Stencil operations are commonly used in many technical computing applications for simulating diffusion in fields such as computational fluid dynamics, electromagnetics, and heat propagation. These problems are associated with structured grids and use mathematical finite difference representation of differential operators—such as Laplacian (u t  +  1 ← ∇2 u t ) operators, divergence, and gradient—to find answers to the problems formulated. Stencil refers to the predetermined set or pattern of nearest neighbors including the element itself. The stencil can be used to compute the value of various elements in an array at a given time-step based on its neighbors’ values computed from previous time-steps. The algorithm in general steps in time with some given initial conditions over all the elements to simulate the diffusion or other physical process in time.

Figure 11-3 graphically represents a stencil operation performed on an element in a 3D array for a Laplacian operator. This particular stencil is denoted the 13-point stencil because its computation involves 13 elements.
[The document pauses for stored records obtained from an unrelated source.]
lemma rounded_EF_imp_approx_envy:
  fixes n :: nat and M :: "'m set" and v :: "nat \<Rightarrow> 'm \<Rightarrow> real"
    and g :: "nat \<Rightarrow> nat \<Rightarrow> 'm" and A :: "nat \<Rightarrow> 'm set" and \<epsilon> :: real and K :: nat
  assumes finM: "finite M"
    and vnonneg: "\<And>i x. i < n \<Longrightarrow> x \<in> M \<Longrightarrow> v i x \<ge> 0"
    and eps: "\<epsilon> > 0"
    and Kdef: "K = nat \<lceil>3 * real (card M) * real n / \<epsilon>\<rceil>"
    and alloc: "is_allocation n M A"
    and gA: "\<And>i j. i < n \<Longrightarrow> j < n \<Longrightarrow> j \<noteq> i \<Longrightarrow> g j i \<in> A j"
    and EF: "\<And>i j. i < n \<Longrightarrow> j < n \<Longrightarrow> i \<noteq> j \<Longrightarrow>
               sum (vbar n M v g K i) (Inl ` A i \<union> {Inr i})
                 \<ge> sum (vbar n M v g K i) (Inl ` A j \<union> {Inr j})"
    and ij: "i < n" "j < n" "i \<noteq> j"
  shows "sum (v i) (A i) \<ge> (1 - \<epsilon>) * sum (v i) (A j - {g j i})"
proof -
  have sub: "\<And>k. k < n \<Longrightarrow> A k \<subseteq> M" and cover: "(\<Union>k<n. A k) = M"
    and disj: "\<And>k l. k < n \<Longrightarrow> l < n \<Longrightarrow> k \<noteq> l \<Longrightarrow> A k \<inter> A l = {}"
    using alloc unfolding is_allocation_def by auto
  have finA: "\<And>k. k < n \<Longrightarrow> finite (A k)" using sub finM finite_subset by blast
  have vi: "\<forall>x\<in>M. v i x \<ge> 0" using vnonneg ij by blast
  let ?w = "\<lambda>y. vbar n M v g K i (Inl y)"
  define V where "V = sum (v i) (M - Ygoods n g i)"
  define c where "c = real (card M) * tau n M v g K i"
  have "g j i \<in> M" using gA sub ij by blast
  hence "card M > 0" using finM card_gt_0_iff by blast
  hence K: "K > 0" using Kdef eps ij by simp
  have c: "c \<ge> 0" unfolding c_def using finM vi by (simp add: tau_nonneg)
  have wAi: "sum ?w (A i) \<le> sum (v i) (A i)" using finM vi sub[OF ij(1)] by (rule sum_vbar_le)
  have envy: "sum ?w (A k) \<le> sum ?w (A i) + c" if k: "k < n" for k
  proof (cases "k = i")
    case False
    hence "sum ?w (A k) + vbar n M v g K i (Inr k) \<le> sum ?w (A i) + vbar n M v g K i (Inr i)"
      using EF[OF ij(1) k] False
      unfolding sum_vbar_with_dummy[OF finA[OF ij(1)]] sum_vbar_with_dummy[OF finA[OF k]] by blast
    with False show ?thesis by (simp add: vbar_Inr c_def)
  qed (use c in simp)
  have "sum (v i) (A j - Ygoods n g i) - c \<le> sum ?w (A j)"
    unfolding c_def using finM vi K sub[OF ij(2)] by (rule sum_vbar_ge)
  moreover have "A j - Ygoods n g i = A j - {g j i}"
    using disj gA ij by (intro allocation_diff_Ygoods) auto
  ultimately have "sum (v i) (A j - {g j i}) - c \<le> sum ?w (A j)" by simp
  hence pair: "sum (v i) (A i) \<ge> sum (v i) (A j - {g j i}) - 2 * c"
    using envy[OF ij(2)] wAi by linarith
  have "V - c \<le> sum ?w M" unfolding V_def c_def using finM vi K subset_refl by (rule sum_vbar_ge)
  also have "\<dots> = (\<Sum>k<n. sum ?w (A k))"
    unfolding cover[symmetric] using finA disj by (intro sum.UNION_disjoint) auto
  also have "\<dots> \<le> (\<Sum>k<n. sum (v i) (A i) + c)"
    using envy wAi by (intro sum_mono) fastforce
  finally have share: "V - c \<le> real n * (sum (v i) (A i) + c)" by simp
  have "V \<ge> 0" unfolding V_def using vi by (intro sum_nonneg) auto
  moreover have "c = real (card M) * (V / real K)" unfolding c_def V_def tau_def ..
  ultimately have err: "3 * real n * c \<le> \<epsilon> * V" using rounding_error_bound[OF eps _ Kdef] by simp
  have "sum (v i) (A j - {g j i}) \<ge> 0" "sum (v i) (A i) \<ge> 0"
    using vi sub[OF ij(1)] sub[OF ij(2)] by (auto intro!: sum_nonneg)
  with ij show ?thesis using approx_envy_from_bounds[OF _ eps _ _ c pair share err] by simp
qed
Equivalent code can be written as shown in Code Listing 11-3. The fout[z,y,x] element is the center element shown in Figure 11-3 and has value based on neighboring elements f[], as shown in Figure 11-3.
Figure 11-3.

Graphical representation of a 3D stencil operation

Code Listing 11-3. Stencil Operation Pseudo-code

for(t=0; t<numTimeSteps;t++){

   for(z=2; z<NZ-2; z++){

     for(y=2; y<N2; y++){

      for(x=2; x<NX-2; x++){

       fout[z,y,x] = c1*f[z,y,x] +

        c2*f[z,y,x-2] + c3*f[z,y,x-1] + c4*f[z,y,x+1] + c5*f[z,y,x+2] +

        c6*f[z,y-2,x] + c7*f[z,y-1,x] + c8*f[z,y+1,x] + c9*f[z,y+2,x] +

        c10*f[z-2,y,x] + c11*f[z-1,y,x] + c12*f[z+1,y,x] + c13*f[z+2,y,x]

   }}}

  double *tmp = fout; fout = f; f=tmp; //switch buffers

}

The constants c1-c11 represent the weighted contribution of the various neighboring elements of the given cell value being computed and defined by the physics of the problem. In this code you are working with one input and one output array and switching between them in every time step. For other operators, such as gradient and divergence, the number of input and output arrays may be multiple and you may need simultaneous access to multiple arrays. In addition, the physics of the problem may impose formulations with more data arrays to be read per grid point computation, increasing the data traffic even more.

The code sweeps through the input 3D array f[], which is usually larger than the L2 cache of the Xeon Phi hardware. This causes low flops/byte for this operation, in turn causing performance to be memory bandwidth-bound. Having more arrays to work on puts more pressure on the memory subsystem of Xeon Phi, causing a further performance drop.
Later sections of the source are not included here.